ABOUT THIS EXERCISE: Report each line from the data below that holds the word "elim".

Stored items
lemma higher_pderiv_eq_0_if_CHAR_le:
  fixes g :: "'a::field poly"
  assumes "CHAR('a) = p" "p > 0" "p \<le> k"
  shows "(pderiv ^^ k) g = 0"
proof (rule poly_eqI)
  fix n
  define i where "i = (p - Suc n mod p) mod p"
  have "i < k"
    using assms unfolding i_def by (meson less_le_trans mod_less_divisor)
  have "p dvd Suc n + i"
    unfolding i_def using \<open>p > 0\<close> by (rule dvd_add_complement_mod)
  also have "Suc n + i dvd (\<Prod>i'=0..<k. Suc n + i')"
    using \<open>i < k\<close> by (intro dvd_prodI) auto
  also have "(\<Prod>i'=0..<k. Suc n + i') = pochhammer (Suc n) k"
    by (simp add: pochhammer_prod)
  finally have "(of_nat (pochhammer (Suc n) k) :: 'a) = 0"
    using assms(1) by (simp only: of_nat_eq_0_iff_char_dvd)
  then have "pochhammer (of_nat (Suc n) :: 'a) k = 0"
    by (simp only: pochhammer_of_nat)
  then show "coeff ((pderiv ^^ k) g) n = coeff 0 n"
    by (simp only: coeff_higher_pderiv) simp
qed

lemma coeff_eq_0_if_pderiv_eq_0:
  fixes g :: "'a::idom poly"
  assumes "pderiv g = 0" "\<not> CHAR('a) dvd m"
  shows "coeff g m = 0"
proof (cases m)
  case (Suc n)
  have "of_nat (Suc n) * coeff g (Suc n) = 0"
    using assms(1) by (metis coeff_0 coeff_pderiv)
  moreover have "(of_nat (Suc n) :: 'a) \<noteq> 0"
    using assms(2) Suc by (simp only: of_nat_eq_0_iff_char_dvd) simp
  ultimately show ?thesis
    using Suc by simp
qed (use assms in simp)

lemma pderiv_power_eq_0_if_CHAR_dvd:
  fixes f :: "'a::idom poly"
  assumes "CHAR('a) dvd n"
  shows "pderiv (f ^ n) = 0"
  using assms by (simp add: pderiv_power of_nat_eq_0_iff_char_dvd)

lemma prime_dvd_choose:
  assumes "prime p" "p dvd n" "\<not> p dvd k" "0 < k"
  shows "p dvd (n choose k)"
proof -
  have "k * (n choose k) = n * ((n - 1) choose (k - 1))"
    using \<open>0 < k\<close> by (rule times_binomial_minus1_eq)
  then have "p dvd k * (n choose k)"
    using \<open>p dvd n\<close> by simp
  then show ?thesis
    using assms(1,3) prime_dvd_mult_iff by blast
qed

text \<open>The next two lemmas express that y^p and x^p are central in A_1.\<close>

lemma weyl_mult_eq_times_if_degrees_dvd:
  fixes P Q :: "'a::field poly poly"
  assumes "CHAR('a) = p" "p > 0" "\<And>i. \<not> p dvd i \<Longrightarrow> coeff P i = 0"
  shows "weyl_mult P Q = P * Q"
proof (rule weyl_mult_eq_times_if)
  fix i j k :: nat
  assume k: "1 \<le> k" "k \<le> i"
  show "of_nat (i choose k) * coeff P i * (pderiv ^^ k) (coeff Q j) = 0"
  proof (cases "coeff P i = 0")
    case False
    then have "p dvd i"
      using assms(3) by blast
    show ?thesis
    proof (cases "p dvd k")
      case True
      then have "p \<le> k"
        using k by (auto dest: dvd_imp_le)
      then show ?thesis
        using higher_pderiv_eq_0_if_CHAR_le[OF assms(1,2)] by simp
    next
      case False
      then have "p dvd (i choose k)"
        using prime_dvd_choose prime_CHAR_semidom[where 'a = 'a] assms(1,2) \<open>p dvd i\<close> k by simp
      then show ?thesis
        using assms(1) by (simp add: of_nat_eq_0_iff_char_dvd)
    qed
  qed simp
qed

lemma weyl_mult_eq_times_if_pderiv_coeff_eq_0:
  assumes "\<And>j. pderiv (coeff Q j) = 0"
  shows "weyl_mult P Q = P * Q"
proof (rule weyl_mult_eq_times_if)
  fix i j k :: nat
  assume "1 \<le> k"
  then have "(pderiv ^^ k) (coeff Q j) = 0"
    using assms by (induction k) (auto simp del: funpow.simps simp: funpow_Suc_right)
  then show "of_nat (i choose k) * coeff P i * (pderiv ^^ k) (coeff Q j) = 0"
    by simp
qed

section \<open>The normal forms of A_h\<close>

definition hdvd_forms :: "'a::field poly \<Rightarrow> 'a poly poly set" where
  "hdvd_forms h = {P. \<forall>j. h ^ j dvd coeff P j}"

lemma hdvd_forms_add: "P \<in> hdvd_forms h \<Longrightarrow> Q \<in> hdvd_forms h \<Longrightarrow> P + Q \<in> hdvd_forms h"
  by (simp add: hdvd_forms_def)

lemma hdvd_forms_sum:
  "(\<And>x. x \<in> A \<Longrightarrow> f x \<in> hdvd_forms h) \<Longrightarrow> (\<Sum>x\<in>A. f x) \<in> hdvd_forms h"
  by (induction A rule: infinite_finite_induct) (simp_all add: hdvd_forms_def)

lemma monom_in_hdvd_forms_iff: "monom g n \<in> hdvd_forms h \<longleftrightarrow> h ^ n dvd g"
  by (auto simp: hdvd_forms_def coeff_monom)

lemma pderiv_dvd_power:
  fixes h u :: "'a::field poly"
  assumes "h ^ m dvd u"
  shows "h ^ (m - 1) dvd pderiv u"
proof (cases m)
  case (Suc m')
  obtain v where u: "u = h ^ Suc m' * v"
    using assms Suc by (auto elim: dvdE)
  have "pderiv u = h ^ Suc m' * pderiv v + v * (smult (of_nat (Suc m')) (h ^ m') * pderiv h)"
    unfolding u by (simp only: pderiv_mult pderiv_power_Suc)
  also have "\<dots> = h ^ m' * (h * pderiv v + v * smult (of_nat (Suc m')) (pderiv h))"
    by (simp add: algebra_simps)
  finally show ?thesis
    using Suc by simp
qed simp

lemma higher_pderiv_dvd_power:
  fixes h u :: "'a::field poly"
  assumes "h ^ m dvd u"
  shows "h ^ (m - k) dvd (pderiv ^^ k) u"
proof (induction k)
  case (Suc k)
  then have "h ^ (m - k - 1) dvd pderiv ((pderiv ^^ k) u)"
    by (rule pderiv_dvd_power)
  then show ?case
    by simp
qed (use assms in simp)

text \<open>Each term of the Leibniz rule loses at most k factors h from the coefficient of y^j
  together with k powers of y.\<close>

lemma weyl_mult_in_hdvd_forms:
  assumes "P \<in> hdvd_forms h" "Q \<in> hdvd_forms h"
  shows "weyl_mult P Q \<in> hdvd_forms h"
  unfolding weyl_mult_def
proof (intro hdvd_forms_sum)
  fix i j k :: nat
  assume "k \<in> {..i}"
  have "h ^ i * h ^ (j - k) dvd coeff P i * (pderiv ^^ k) (coeff Q j)"
    using assms by (intro mult_dvd_mono higher_pderiv_dvd_power) (simp_all add: hdvd_forms_def)
  moreover have "h ^ (i - k + j) dvd h ^ i * h ^ (j - k)"
    unfolding power_add[symmetric] using \<open>k \<in> {..i}\<close> by (intro le_imp_power_dvd) auto
  ultimately have "h ^ (i - k + j) dvd coeff P i * (pderiv ^^ k) (coeff Q j)"
    using dvd_trans by blast
  then show "monom (of_nat (i choose k) * coeff P i * (pderiv ^^ k) (coeff Q j)) (i - k + j)
               \<in> hdvd_forms h"
    by (simp add: monom_in_hdvd_forms_iff mult.assoc)
qed

lemma weyl_yhat_eq: "weyl_mult weyl_y (weyl_const h) = monom h 1 + monom (pderiv h) 0"
  unfolding weyl_y_def weyl_const_def monom_0[symmetric] weyl_mult_monom
  by (simp add: atMost_Suc)

lemma A_h_subset_hdvd_forms: "A_h h \<subseteq> hdvd_forms h"
proof
  fix a
  assume "a \<in> A_h h"
  then show "a \<in> hdvd_forms h"
    unfolding A_h_def
  proof (induction rule: weyl_subalg.induct)
    case (scalar c)
    then show ?case
      by (auto simp: hdvd_forms_def coeff_pCons split: nat.splits)
  next
    case (gen s)
    then show ?case
      by (auto simp: weyl_yhat_eq weyl_x_def hdvd_forms_add monom_in_hdvd_forms_iff
          hdvd_forms_def coeff_pCons split: nat.splits)
  qed (simp_all add: hdvd_forms_add weyl_mult_in_hdvd_forms)
qed

lemma weyl_subalg_0: "0 \<in> weyl_subalg S"
  using weyl_subalg.scalar[of 0 S] by simp

lemma weyl_subalg_1: "1 \<in> weyl_subalg S"
  using weyl_subalg.scalar[of 1 S] by (simp add: one_pCons)

lemma weyl_subalg_sum:
  "(\<And>x. x \<in> A \<Longrightarrow> f x \<in> weyl_subalg S) \<Longrightarrow> (\<Sum>x\<in>A. f x) \<in> weyl_subalg S"
  by (induction A rule: infinite_finite_induct) (simp_all add: weyl_subalg_0 weyl_subalg.add)

lemma weyl_pow_in_weyl_subalg: "a \<in> weyl_subalg S \<Longrightarrow> weyl_pow a n \<in> weyl_subalg S"
  unfolding weyl_pow_def by (induction n) (auto intro: weyl_subalg.mult weyl_subalg_1)

lemma weyl_const_in_weyl_subalg:
  assumes "weyl_x \<in> S"
  shows "[:f:] \<in> weyl_subalg S"
proof (induction f rule: pCons_induct)
  case (pCons a f)
  have "weyl_mult weyl_x [:f:] \<in> weyl_subalg S"
    using assms pCons.IH by (blast intro: weyl_subalg.mult weyl_subalg.gen)
  moreover have "[:pCons a f:] = [:[:a:]:] + weyl_mult weyl_x [:f:]"
    by (simp add: weyl_x_def weyl_mult_const_left)
  ultimately show ?case
    by (metis weyl_subalg.add weyl_subalg.scalar)
qed (simp add: weyl_subalg_0)

lemma weyl_const_in_A_h: "[:f:] \<in> A_h h"
  unfolding A_h_def by (rule weyl_const_in_weyl_subalg) simp

lemma weyl_yhat_in_A_h: "monom h 1 + monom (pderiv h) 0 \<in> A_h h"
  unfolding A_h_def weyl_yhat_eq[symmetric] by (rule weyl_subalg.gen) simp

lemma A_h_mult: "a \<in> A_h h \<Longrightarrow> b \<in> A_h h \<Longrightarrow> weyl_mult a b \<in> A_h h"
  unfolding A_h_def by (rule weyl_subalg.mult)

text \<open>h^(j+1) y^(j+1) = yhat (h^j y^j) - (j+1) h' h^j y^j.\<close>

lemma monom_hpow_in_A_h: "monom (h ^ j) j \<in> A_h h"
proof (induction j)
  case 0
  then show ?case
    using weyl_const_in_A_h[of 1 h] by (simp add: monom_0)
next
  case (Suc j)
  let ?yhat = "monom h 1 + monom (pderiv h) 0" and ?M = "monom (h ^ j) j"
  let ?c = "smult (of_nat (Suc j)) (pderiv h)"
  have "weyl_mult ?yhat ?M = monom (h ^ Suc j) (Suc j) + monom (pderiv (h ^ Suc j)) j"
    by (simp add: weyl_mult_add_left weyl_mult_monom atMost_Suc pderiv_mult add_monom algebra_simps)
  also have "pderiv (h ^ Suc j) = ?c * h ^ j"
    by (simp only: pderiv_power_Suc) (simp add: mult.commute)
  moreover have "weyl_mult [:- ?c:] ?M = - monom (?c * h ^ j) j"
    by (simp add: weyl_mult_const_left smult_monom minus_monom)
  ultimately have "monom (h ^ Suc j) (Suc j) = weyl_mult ?yhat ?M + weyl_mult [:- ?c:] ?M"
    by simp
  moreover have "weyl_mult ?yhat ?M \<in> A_h h" "weyl_mult [:- ?c:] ?M \<in> A_h h"
    by (rule A_h_mult[OF weyl_yhat_in_A_h Suc.IH], rule A_h_mult[OF weyl_const_in_A_h Suc.IH])
  ultimately show ?case
    unfolding A_h_def by (metis weyl_subalg.add)
qed

lemma hdvd_forms_subset_A_h: "hdvd_forms h \<subseteq> A_h h"
proof
  fix P
  assume P: "P \<in> hdvd_forms h"
  have "monom (coeff P n) n \<in> A_h h" for n
  proof -
    obtain f where f: "coeff P n = h ^ n * f"
      using P by (auto simp: hdvd_forms_def elim: dvdE)
    have "monom (coeff P n) n = weyl_mult [:f:] (monom (h ^ n) n)"
      by (simp add: weyl_mult_const_left smult_monom f mult.commute)
    then show ?thesis
      by (simp add: A_h_mult weyl_const_in_A_h monom_hpow_in_A_h)
  qed
  then have "(\<Sum>n\<le>degree P. monom (coeff P n) n) \<in> A_h h"
    unfolding A_h_def by (rule weyl_subalg_sum[folded A_h_def])
  then show "P \<in> A_h h"
    by (simp add: poly_as_sum_of_monoms)
qed

lemma A_h_eq_hdvd_forms: "A_h h = hdvd_forms h"
  using A_h_subset_hdvd_forms hdvd_forms_subset_A_h by blast

section \<open>The centre of A_h\<close>

text \<open>In characteristic p these are the normal forms of F[x^p, y^p], the centre of A_1.\<close>

definition p_central_forms :: "nat \<Rightarrow> 'a::field poly poly set" where
  "p_central_forms p = {P. \<forall>j. pderiv (coeff P j) = 0 \<and> (\<not> p dvd j \<longrightarrow> coeff P j = 0)}"

lemma weyl_mult_p_central_forms:
  fixes P Q :: "'a::field poly poly"
  assumes "CHAR('a) = p" "p > 0" "P \<in> p_central_forms p"
  shows "weyl_mult P Q = P * Q" "weyl_mult Q P = P * Q"
proof -
  show "weyl_mult P Q = P * Q"
    using assms by (intro weyl_mult_eq_times_if_degrees_dvd) (auto simp: p_central_forms_def)
  show "weyl_mult Q P = P * Q"
    using assms(3) by (subst mult.commute, intro weyl_mult_eq_times_if_pderiv_coeff_eq_0)
      (simp add: p_central_forms_def)
qed

lemma higher_pderiv_X:
  "(pderiv ^^ k) [:0, 1::'a::field:] = (if k = 0 then [:0, 1:] else if k = 1 then 1 else 0)"
proof (cases k)
  case (Suc k')
  then show ?thesis
    by (cases k') (simp_all del: funpow.simps add: funpow_Suc_right pderiv_pCons)
qed simp

lemma weyl_mult_monom_x:
  "weyl_mult (monom c i) [:[:0, 1::'a::field:]:] = smult [:0, 1:] (monom c i) + pderiv (monom c i)"
proof (cases i)
  case 0
  then show ?thesis
    by (simp add: monom_0 weyl_mult_const_left pderiv_pCons)
next
  case (Suc i')
  have "weyl_mult (monom c i) [:[:0, 1::'a:]:] =
          (\<Sum>k\<le>i. monom (of_nat (i choose k) * c * (pderiv ^^ k) [:0, 1:]) (i - k))"
    unfolding monom_0[of "[:0, 1:]", symmetric] weyl_mult_monom by simp
  also have "\<dots> = (\<Sum>k\<in>{0, 1}. monom (of_nat (i choose k) * c * (pderiv ^^ k) [:0, 1:]) (i - k))"
    by (rule sum.mono_neutral_right) (auto simp: higher_pderiv_X Suc)
  also have "\<dots> = smult [:0, 1:] (monom c i) + pderiv (monom c i)"
    by (simp add: higher_pderiv_X pderiv_monom smult_monom Suc mult.commute)
  finally show ?thesis .
qed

EXPECTED OUTPUT:
    using assms Suc by (auto elim: dvdE)
      using P by (auto simp: hdvd_forms_def elim: dvdE)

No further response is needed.